Error rates could not be estimated (Novaseq dataset)

Mehrbod_Estaki · November 26, 2021, 11:09pm

Hi @ju4n_dc,
This is a great question and one we are seeing more often on the forum, and I suspect we'll see more moving forward as NovaSeq and the binning quality scores become more common.

The q2-dada2 is just a wrapper of DADA2 and so will face the same issues as the native version. Using DADA2 for NovaSeq data is doable with some modification (see this discussion here) but that will require you to either use it natively in R, or create your custom branch of q2-dada2 with modifications mentioned in that post. That being said, the developer of DADA2 mentions in that thread that while things look ok, DADA2 has not been thoroughly tested with NovaSeq data, so just be mindful of that if you choose to go that way.
As for using Deblur instead, that is a bit different because Deblur actually uses a pre-trained model for denoising so it technically will not care for the quality scores at all. So, technically you will have no problem running this data through Deblur. That being said, Deblur's error model was based on the MiSeq and HiSeq machines and I'm not aware of any benchmarking of its use with NovaSeq (or other) sequencers. Given that the NovaSeq technology is claimed to have less error rates than MiSeq and HiSeq, I would speculate that applying the more conservative MiSeq/HiSeq error model is ok here, though a more customize model might result in higher # of reads.

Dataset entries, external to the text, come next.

(* Let $n\ge 3$ and $k\ge 3$. For every $\alpha\in\mathbf{A}_k(n)\setminus\{r_{n,k}\}$, at least one of $\mathrm{LastNonMax}(\alpha)$, $\mathrm{LastSymbol}(\alpha)$, $\mathrm{FirstNonMin}(\alpha)$, $\mathrm{SecondLastNonMax}(\alpha)$ lies in $\mathbf{A}_k(n)$, so $\mathrm{Par}(\alpha)\in\mathbf{A}_k(n)$ is well defined. Moreover, for every $\alpha\in\mathbf{A}_k(n)$ there is $t\ge 0$ with $\mathrm{Par}^t(\alpha)=r_{n,k}$. Consequently the relation $\alpha\mapsto\mathrm{Par}(\alpha)$ defines a rooted tree with vertex set $\mathbf{A}_k(n)$ and root $r_{n,k}$, in which each non-root $\alpha$ and its parent $\mathrm{Par}(\alpha)$ have rotations that differ in exactly one (first) position.
   Context: Let $\Sigma=\{0,1,\dots,k-1\}$. Strings are compared lexicographically ($\alpha<\beta$ if $\alpha$ is a proper prefix of $\beta$, or $\alpha$ has the smaller symbol at the first index where they differ). For $\alpha=a_1\cdots a_n$, $\alpha^R=a_n\cdots a_1$; $[\alpha]$ is the set of rotations of $\alpha$. $\alpha$ is a necklace if it is the lexicographically smallest element of $[\alpha]$; a bracelet if it is the lexicographically smallest element of $[\alpha]\cup[\alpha^R]$. A necklace $\alpha$ is symmetric if $\alpha^R\in[\alpha]$, asymmetric otherwise. $\mathbf{A}_k(n)$ is the set of asymmetric bracelets of length $n$ over $\Sigma$. $r_{n,k}=0^{n-2}(k-2)(k-1)$. Operations on $\alpha=a_1\cdots a_n$: $\mathrm{LastNonMax}(\alpha)=a_1\cdots a_{j-1}(a_j+1)(k-1)^{n-j}$, where $j$ is the index of the last symbol different from $k-1$; $\mathrm{LastSymbol}(\alpha)$ is the necklace (smallest rotation) of $a_1\cdots a_{n-1}((a_n+1)\bmod k)$; $\mathrm{FirstNonMin}(\alpha)=0^{i-1}(a_i-1)a_{i+1}\cdots a_n$, where $i$ is the index of the first nonzero symbol; $\mathrm{SecondLastNonMax}(\alpha)=a_1\cdots a_{\ell-1}(a_\ell+1)a_{\ell+1}\cdots a_n$, where $\ell$ is the index of the second-last symbol different from $k-1$. Parent rule: for $\alpha\in\mathbf{A}_k(n)\setminus\{r_{n,k}\}$, $\mathrm{Par}(\alpha)$ is the first string in the list $\langle \mathrm{LastNonMax}(\alpha),\mathrm{LastSymbol}(\alpha),\mathrm{FirstNonMin}(\alpha),\mathrm{SecondLastNonMax}(\alpha)\rangle$ that belongs to $\mathbf{A}_k(n)$. $\mathrm{Par}^t$ denotes $t$-fold iteration, $\mathrm{Par}^0(\alpha)=\alpha$. *)

theory Defs
  imports Main "HOL-Library.List_Lexorder"
begin

text \<open>Strings over \<Sigma> = {0,...,k-1} are lists of naturals; positions are 0-based.
  The order on lists (from List_Lexorder) is lexicographic, with a proper prefix
  being smaller.\<close>

definition strings :: "nat \<Rightarrow> nat \<Rightarrow> nat list set" where
  "strings k n = {xs. length xs = n \<and> set xs \<subseteq> {..<k}}"

definition rotations :: "nat list \<Rightarrow> nat list set" where
  "rotations xs = {rotate i xs | i. i < length xs} \<union> {xs}"

definition is_necklace :: "nat list \<Rightarrow> bool" where
  "is_necklace xs \<longleftrightarrow> (\<forall>ys \<in> rotations xs. xs \<le> ys)"

definition is_bracelet :: "nat list \<Rightarrow> bool" where
  "is_bracelet xs \<longleftrightarrow> (\<forall>ys \<in> rotations xs \<union> rotations (rev xs). xs \<le> ys)"

definition symmetric_necklace :: "nat list \<Rightarrow> bool" where
  "symmetric_necklace xs \<longleftrightarrow> is_necklace xs \<and> rev xs \<in> rotations xs"

definition asym_bracelets :: "nat \<Rightarrow> nat \<Rightarrow> nat list set" where
  "asym_bracelets k n =
     {xs \<in> strings k n. is_bracelet xs \<and> is_necklace xs \<and> \<not> symmetric_necklace xs}"

definition root_string :: "nat \<Rightarrow> nat \<Rightarrow> nat list" where
  "root_string n k = replicate (n - 2) 0 @ [k - 2, k - 1]"

definition necklace_of :: "nat list \<Rightarrow> nat list" where
  "necklace_of xs = Min (rotations xs)"
(* Let $\Sigma_0$ be a symmetric positive definite $d\times d$ matrix, $A=\Sigma_0^{1/2}$, $y\in\mathbb{R}^d$ and $z_0=A^{-1}y$. Let $g(x)=\sum_{|\alpha|\le m}a_\alpha x^\alpha$ be a polynomial on $\mathbb{R}^d$, let $\phi$ be the standard normal density on $\mathbb{R}^d$, $\varphi_V(\omega)=e^{-\|\omega\|_2^2/2}$, and define $\lambda(w)=g(Aw)\phi(z_0-w)$ and $Q(\omega)=\widetilde{\lambda}(\omega)/\varphi_V(-\omega)$. Then \[ Q(\omega)=e^{i\omega^\top z_0}\sum_{|\gamma|\le m}b_\gamma(y,\Sigma_0)(i\omega)^\gamma,\qquad b_\gamma(y,\Sigma_0)=\sum_{|\alpha|\le m}a_\alpha\sum_{\beta\ge\gamma}C_{\alpha,\beta}(A)\binom{\beta}{\gamma}m_{\beta-\gamma}(z_0), \] where $C_{\alpha,\beta}(A)=\sum_{N\in\mathcal{N}(\alpha,\beta)}\frac{\alpha!}{N!}A^N$, with $\mathcal{N}(\alpha,\beta)=\{N=(n_{jk})\in\mathbb{N}^{d\times d}:\sum_kn_{jk}=\alpha_j,\ \sum_jn_{jk}=\beta_k\}$, $\alpha!=\prod_j\alpha_j!$, $N!=\prod_{j,k}n_{jk}!$, $A^N=\prod_{j,k}A_{jk}^{n_{jk}}$, and \[ m_\nu(z_0)=\prod_{r=1}^d\sum_{q=0}^{\lfloor\nu_r/2\rfloor}\frac{\nu_r!}{2^qq!(\nu_r-2q)!}z_{0,r}^{\nu_r-2q}. \]
   Context: $\widetilde\psi(\omega)=\int e^{i\omega^\top x}\psi(x)dx$. Multi-index notation: $x^\alpha=\prod_jx_j^{\alpha_j}$, $(i\omega)^\gamma=\prod_j(i\omega_j)^{\gamma_j}$, $\beta\ge\gamma$ means $\beta_j\ge\gamma_j$ for all $j$ (the sum over $\beta$ ranges over multi-indices with $|\beta|\le m$), $\binom{\beta}{\gamma}=\prod_j\binom{\beta_j}{\gamma_j}$. *)

theory Defs
  imports "HOL-Analysis.Analysis"
begin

The results are comparable , however, using the same bioinformatics pipeline would be more ideal and I would personally recommend that. I'll also add that as read lengths get longer (beyond 100-150 nts) DADA2 tends to retain more reads than Deblur due to the nature of the denoising algorithms (relevant explanation here). So consider sequencing depth as an important factor as well if you are going to mix and match denoisers.

I'd love to hear what others think on this topic, something we'll be facing more on the forum soon I'm sure.